Learning from the Hindsight Plan -- Episodic MPC Improvement
This work addresses performance limitations in robotics control for tasks like manipulation, though it is incremental as it builds on existing MPC methods.
The authors tackled the suboptimal performance of model predictive control (MPC) due to limited planning horizons by proposing a policy improvement scheme that learns to reshape the cost function using hindsight plans from longer horizons, enabling short-horizon MPC to mimic long-term reasoning. They demonstrated this approach in contact-rich manipulation tasks, including peg insertion with a real PR2 robot, showing improved performance in simulated and real environments.

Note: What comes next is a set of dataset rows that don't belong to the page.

lemma Ftil_grad_lipschitz:
  assumes "1 \<le> K" and H_norm: "\<And>k. k \<in> {1..K-1} \<Longrightarrow> onorm (\<lambda>v. H k *v v) \<le> \<mu>"
    and lip: "norm (G K x - G K y) \<le> \<mu> * norm (x - y)"
  shows "norm (Ftil_grad K G wh H x - Ftil_grad K G wh H y) \<le> \<mu> * norm (x - y)"
proof -
  have "Ftil_grad K G wh H x - Ftil_grad K G wh H y
      = (1 / real K) *\<^sub>R ((\<Sum>k=1..K-1. H k *v (x - y)) + (G K x - G K y))"
    by (simp add: Ftil_grad_def sum_subtractf[symmetric] matrix_vector_mult_diff_distrib
        scaleR_diff_right[symmetric] algebra_simps)
  moreover have "norm ((\<Sum>k=1..K-1. H k *v (x - y)) + (G K x - G K y)) \<le> real K * (\<mu> * norm (x - y))"
  proof -
    have "norm ((\<Sum>k=1..K-1. H k *v (x - y)) + (G K x - G K y))
        \<le> (\<Sum>k=1..K-1. norm (H k *v (x - y))) + norm (G K x - G K y)"
      by (intro order_trans[OF norm_triangle_ineq] add_mono norm_sum order_refl)
    also have "\<dots> \<le> (\<Sum>k=1..K-1. \<mu> * norm (x - y)) + \<mu> * norm (x - y)"
    proof (intro add_mono sum_mono lip)
      fix k assume "k \<in> {1..K-1}"
      have "norm (H k *v (x - y)) \<le> onorm (\<lambda>v. H k *v v) * norm (x - y)"
        by (simp add: onorm)
      also have "\<dots> \<le> \<mu> * norm (x - y)"
        using H_norm[OF \<open>k \<in> {1..K-1}\<close>] by (intro mult_right_mono) auto
      finally show "norm (H k *v (x - y)) \<le> \<mu> * norm (x - y)" .
    qed
    also have "\<dots> = real K * (\<mu> * norm (x - y))"
      using \<open>1 \<le> K\<close> by (simp add: of_nat_diff algebra_simps)
    finally show ?thesis .
  qed
  ultimately show ?thesis
    using \<open>1 \<le> K\<close> by (simp add: divide_le_eq mult_ac)
qed

lemma Ftil_gradient_inequality:
  assumes H_sym: "\<And>k. k \<in> {1..K-1} \<Longrightarrow> transpose (H k) = H k"
    and H_psd: "\<And>k v. k \<in> {1..K-1} \<Longrightarrow> 0 \<le> v \<bullet> (H k *v v)"
    and convex: "convex_on UNIV (L K)" and grad: "(L K has_derivative (\<lambda>h. G K x \<bullet> h)) (at x)"
  shows "Ftil K L G wh H x + Ftil_grad K G wh H x \<bullet> (z - x) \<le> Ftil K L G wh H z"
proof -
  have "(\<Sum>k=1..K-1. quadratic_model (L k (wh k)) (G k (wh k)) (H k) (wh k) x
          + (G k (wh k) + H k *v (x - wh k)) \<bullet> (z - x))
      \<le> (\<Sum>k=1..K-1. quadratic_model (L k (wh k)) (G k (wh k)) (H k) (wh k) z)"
    by (intro sum_mono quadratic_model_gradient_inequality H_sym H_psd)
  moreover have "L K x + G K x \<bullet> (z - x) \<le> L K z"
    using convex_on_gradient_inequality[OF convex grad] .
  ultimately show ?thesis
    by (simp add: Ftil_def Ftil_grad_def Ltil_eq_sum_quadratic_model sum.distrib inner_sum_left
        inner_add_left divide_right_mono add_mono flip: distrib_left add_divide_distrib)
qed
lemma persistent_excitation:
  assumes \<theta>: "\<theta> \<in> Theta_set d {a..b} m M" and m: "0 < m" and ab: "a < b" and d: "0 < d"
  obtains P :: "nat \<Rightarrow> real set" and \<beta> :: "nat \<Rightarrow> real vec \<Rightarrow> real" and c :: real
  where "0 < c"
    and "\<And>k. k < d \<Longrightarrow> \<exists>\<alpha> \<gamma>. \<alpha> < \<gamma> \<and> P k = {\<alpha>..\<gamma>}"
    and "\<And>k v. 0 \<le> \<beta> k v"
    and "\<And>v. v \<in> carrier_vec d \<Longrightarrow> c * (v \<bullet> v) \<le> (\<Sum>k<d. \<beta> k v)"
    and "\<And>k p v. k < d \<Longrightarrow> p \<in> P k \<Longrightarrow> v \<in> carrier_vec d \<Longrightarrow>
           \<beta> k v \<le> excitation d a b v (best_response \<theta> {a..b} p)"
proof -
  obtain z \<mu> where z: "\<And>k. z k \<in> {a<..<b}" and \<mu>: "0 < \<mu>"
    and nodes: "\<And>v. v \<in> carrier_vec d \<Longrightarrow> \<mu> * (v \<bullet> v) \<le> (\<Sum>k<d. (v \<bullet> gradPhi d (z k))\<^sup>2)"
    using spanning_gradPhi_nodes[OF ab] by blast
  define e where "e = \<mu> / (4 * real d)"
  have e: "0 < e" using \<mu> d by (simp add: e_def)
  obtain \<eta> where \<eta>: "0 < \<eta>" and near: "\<And>k r. k < d \<Longrightarrow> \<bar>r\<bar> \<le> \<eta> \<Longrightarrow> z k + r \<in> {a<..<b} \<and>
      (gradPhi d (z k + r) - gradPhi d (z k)) \<bullet> (gradPhi d (z k + r) - gradPhi d (z k)) < e"
    using gradPhi_near_nodes[of d z a b e] z e by blast
  \<comment> \<open>the incentives whose best responses lie within \<open>\<eta>\<close> of the node \<open>z k\<close>\<close>
  define P where "P k = {- (\<theta> \<bullet> gradPhi d (z k + \<eta>)) .. - (\<theta> \<bullet> gradPhi d (z k - \<eta>))}" for k
  define \<beta> where "\<beta> k v = max 0 ((v \<bullet> gradPhi d (z k))\<^sup>2 / 2 - e * (v \<bullet> v))" for k v
  have inside: "a \<le> z k - \<eta>" "z k + \<eta> \<le> b" if "k < d" for k
    using near[OF that, of \<eta>] near[OF that, of "- \<eta>"] \<eta> by auto
  show ?thesis
  proof (rule that)
    show "0 < \<mu> / 4" using \<mu> by simp
    show "\<exists>\<alpha> \<gamma>. \<alpha> < \<gamma> \<and> P k = {\<alpha>..\<gamma>}" if "k < d" for k
    proof (intro exI conjI)
      have "m * (z k + \<eta> - (z k - \<eta>)) \<le> \<theta> \<bullet> gradPhi d (z k + \<eta>) - \<theta> \<bullet> gradPhi d (z k - \<eta>)"
        using inside[OF that] \<eta> by (intro Theta_set_gradPhi_increasing[OF \<theta>]) auto
      moreover have "0 < m * (z k + \<eta> - (z k - \<eta>))" using m \<eta> by simp
      ultimately show "- (\<theta> \<bullet> gradPhi d (z k + \<eta>)) < - (\<theta> \<bullet> gradPhi d (z k - \<eta>))" by linarith
    qed (simp add: P_def)
    show "0 \<le> \<beta> k v" for k v by (simp add: \<beta>_def)
    show "\<mu> / 4 * (v \<bullet> v) \<le> (\<Sum>k<d. \<beta> k v)" if v: "v \<in> carrier_vec d" for v
    proof -
      have "\<mu> / 4 * (v \<bullet> v) \<le> (\<Sum>k<d. (v \<bullet> gradPhi d (z k))\<^sup>2) / 2 - real d * e * (v \<bullet> v)"
        using nodes[OF v] d by (simp add: e_def)
      also have "\<dots> = (\<Sum>k<d. (v \<bullet> gradPhi d (z k))\<^sup>2 / 2 - e * (v \<bullet> v))"
        by (simp add: sum_subtractf sum_divide_distrib)
      also have "\<dots> \<le> (\<Sum>k<d. \<beta> k v)"
        unfolding \<beta>_def by (intro sum_mono) simp
      finally show ?thesis .
    qed
    show "\<beta> k v \<le> excitation d a b v (best_response \<theta> {a..b} p)"
      if "k < d" "p \<in> P k" "v \<in> carrier_vec d" for k p v
      using excitation_ge_near_node[OF \<theta> m that(3) \<eta> inside[OF that(1)] near[OF that(1)]] that(2)
      unfolding \<beta>_def P_def by simp
  qed
qed

section \<open>Rank-one updates of the information matrix\<close>

context
  fixes d :: nat and a b :: real and L :: "nat \<Rightarrow> real mat" and y :: "nat \<Rightarrow> real"
  assumes L_0: "L 0 \<in> carrier_mat d d" "(L 0)\<^sup>T = L 0"
    and L_Suc: "\<And>t. L (Suc t) = L t +
      (if y (Suc t) \<in> interior {a..b} then outer (gradPhi d (y (Suc t))) else 0\<^sub>m d d)"
begin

Model predictive control (MPC) is a popular control method that has proved effective for robotics, among other fields. MPC performs re-planning at every time step. Re-planning is done with a limited horizon per computational and real-time constraints and often also for robustness to potential model errors. However, the limited horizon leads to suboptimal performance. In this work, we consider the iterative learning setting, where the same task can be repeated several times, and propose a policy improvement scheme for MPC. The main idea is that between executions we can, offline, run MPC with a longer horizon, resulting in a hindsight plan. To bring the next real-world execution closer to the hindsight plan, our approach learns to re-shape the original cost function with the goal of satisfying the following property: short horizon planning (as realistic during real executions) with respect to the shaped cost should result in mimicking the hindsight plan. This effectively consolidates long-term reasoning into the short-horizon planning. We empirically evaluate our approach in contact-rich manipulation tasks both in simulated and real environments, such as peg insertion by a real PR2 robot.